For a night and half a day, the train I had boarded in Leningrad had been heading south across Russia and Ukraine, stopping from time to time in small towns, each one with a down-at-heel railway station, a grimy platform, and a kiosk where one could buy sweet soft drinks and dry biscuits. I remember feeling happy, and very free: I was going out, going home, going away from Leningrad, leaving behind the rules and restrictions which had governed the two months I had spent as a student. But I also remember the frustration that one always felt travelling in the Soviet Union. At that time, foreigners were consigned to certain cities, special roads, restricted train journeys.

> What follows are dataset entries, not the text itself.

lemma cascade_threshold_rr_flip:
  assumes p: "1/2 < p" "p < 1" and k: "2 \<le> k" and eps: "eps \<in> eps_interval p k"
  shows "cascade_threshold p (rr_flip eps) = int k"
proof -
  define \<alpha> where "\<alpha> = (1 - p) / p"
  define \<rho> where "\<rho> = rho p (rr_flip eps)"
  have "\<rho> < \<alpha> powr (1 / real k)"
    using rho_rr_flip_less_iff[OF p k] eps by (simp add: eps_interval_def \<rho>_def \<alpha>_def)
  moreover have "\<alpha> powr (1 / real (k - 1)) \<le> \<rho>"
  proof (cases "k = 2")
    case True
    then show ?thesis
      using rho_ge_base[OF p] rr_flip_bounds[of eps] p by (simp add: \<alpha>_def \<rho>_def)
  next
    case False
    then have "2 \<le> k - 1" "k - 1 + 1 = k" "eps \<le> eps_k p k"
      using k eps by (auto simp: eps_interval_def)
    then show ?thesis
      using rho_rr_flip_less_iff[OF p, of "k - 1" eps] by (simp add: \<alpha>_def \<rho>_def)
  qed
  moreover have "0 < \<alpha>" "\<alpha> < 1"
    using p by (simp_all add: \<alpha>_def)
  ultimately have "\<lfloor>log \<rho> \<alpha>\<rfloor> = int (k - 1)"
    using floor_log_eq_of_powr_bounds[of \<alpha> "k - 1" \<rho>] k by simp
  then show ?thesis
    using k by (simp add: cascade_threshold_def \<alpha>_def \<rho>_def)
qed

lemma correct_cascade_prob_eq:
  assumes "1/2 < p" "p < 1" "2 \<le> k" "eps \<in> eps_interval p k"
  shows "correct_cascade_prob p eps = 1 / (1 + rho p (rr_flip eps) ^ k)"
  using cascade_threshold_rr_flip[OF assms] correct_cascade_prob_k_eq[of p "rr_flip eps" k]
    rr_flip_bounds[of eps] assms
  by (simp add: correct_cascade_prob_def)

lemma rho_rr_flip_strict_antimono:
  assumes "1/2 < p" "p < 1" "e < e'"
  shows "rho p (rr_flip e') < rho p (rr_flip e)"
  using strict_mono_onD[OF rho_strict_mono[OF assms(1,2)]] rr_flip_bounds rr_flip_less_iff assms(3)
  by (simp add: less_imp_le)

theorem theorem2:
  fixes p :: real and k :: nat
  assumes "1/2 < p" and "p < 1" and "k \<ge> 2"
  shows "(\<forall>eps\<in>eps_interval p k. cascade_threshold p (rr_flip eps) = int k)
         \<and> strict_mono_on (eps_interval p k) (correct_cascade_prob p)"
proof
  show "\<forall>eps\<in>eps_interval p k. cascade_threshold p (rr_flip eps) = int k"
    using cascade_threshold_rr_flip assms by blast
  show "strict_mono_on (eps_interval p k) (correct_cascade_prob p)"
  proof (rule strict_mono_onI)
    fix e e' assume e: "e \<in> eps_interval p k" and e': "e' \<in> eps_interval p k" and "e < e'"
    have "0 < rho p (rr_flip e')"
      using rho_pos rr_flip_bounds assms by (simp add: less_imp_le)
    moreover have "rho p (rr_flip e') ^ k < rho p (rr_flip e) ^ k"
      using rho_rr_flip_strict_antimono[OF assms(1,2) \<open>e < e'\<close>] \<open>0 < rho p (rr_flip e')\<close> assms(3)
      by (intro power_strict_mono) simp_all
    ultimately show "correct_cascade_prob p e < correct_cascade_prob p e'"
      using correct_cascade_prob_eq[OF assms e] correct_cascade_prob_eq[OF assms e']
      by (simp add: frac_less2 add_pos_nonneg)
  qed
qed

end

Sipping tea from a glass, I stared out the window, wanting to know more about the flat, unkempt countryside which lay just beyond the train tracks. To me it was forbidden territory, as inaccessible as the moon.

Then, quite unexpectedly, my wish was granted. The train pulled into a much larger station. We had arrived in the city of L'viv, in southwestern Ukraine, and a surprise announcement came over the loudspeakers. Repairs had to be made, the train would stop for five hours. Passengers were allowed to disembark. It was as if someone had told me that it was possible to walk into a picture frame: I jumped out of the carriage and ran across the train station, into the forbidden landscape.

A few hours later, I was standing in a cemetery. The rain which the summer heat had threatened for so long had started to fall, and it was growing dark. All around me, laid haphazardly one beside the other, were a thousand monuments to L'viv's confused history. I pushed the weeds away from the face of one ponderous tombstone and saw the symbol K & K — it meant Kaiserlich und Königlich, imperial and royal, the symbol of Austro-Hungary — carved beneath the epitaph. Nearby, white marble graves inscribed in a lovely Polish script leaned against another, as if in penance for some forgotten crime.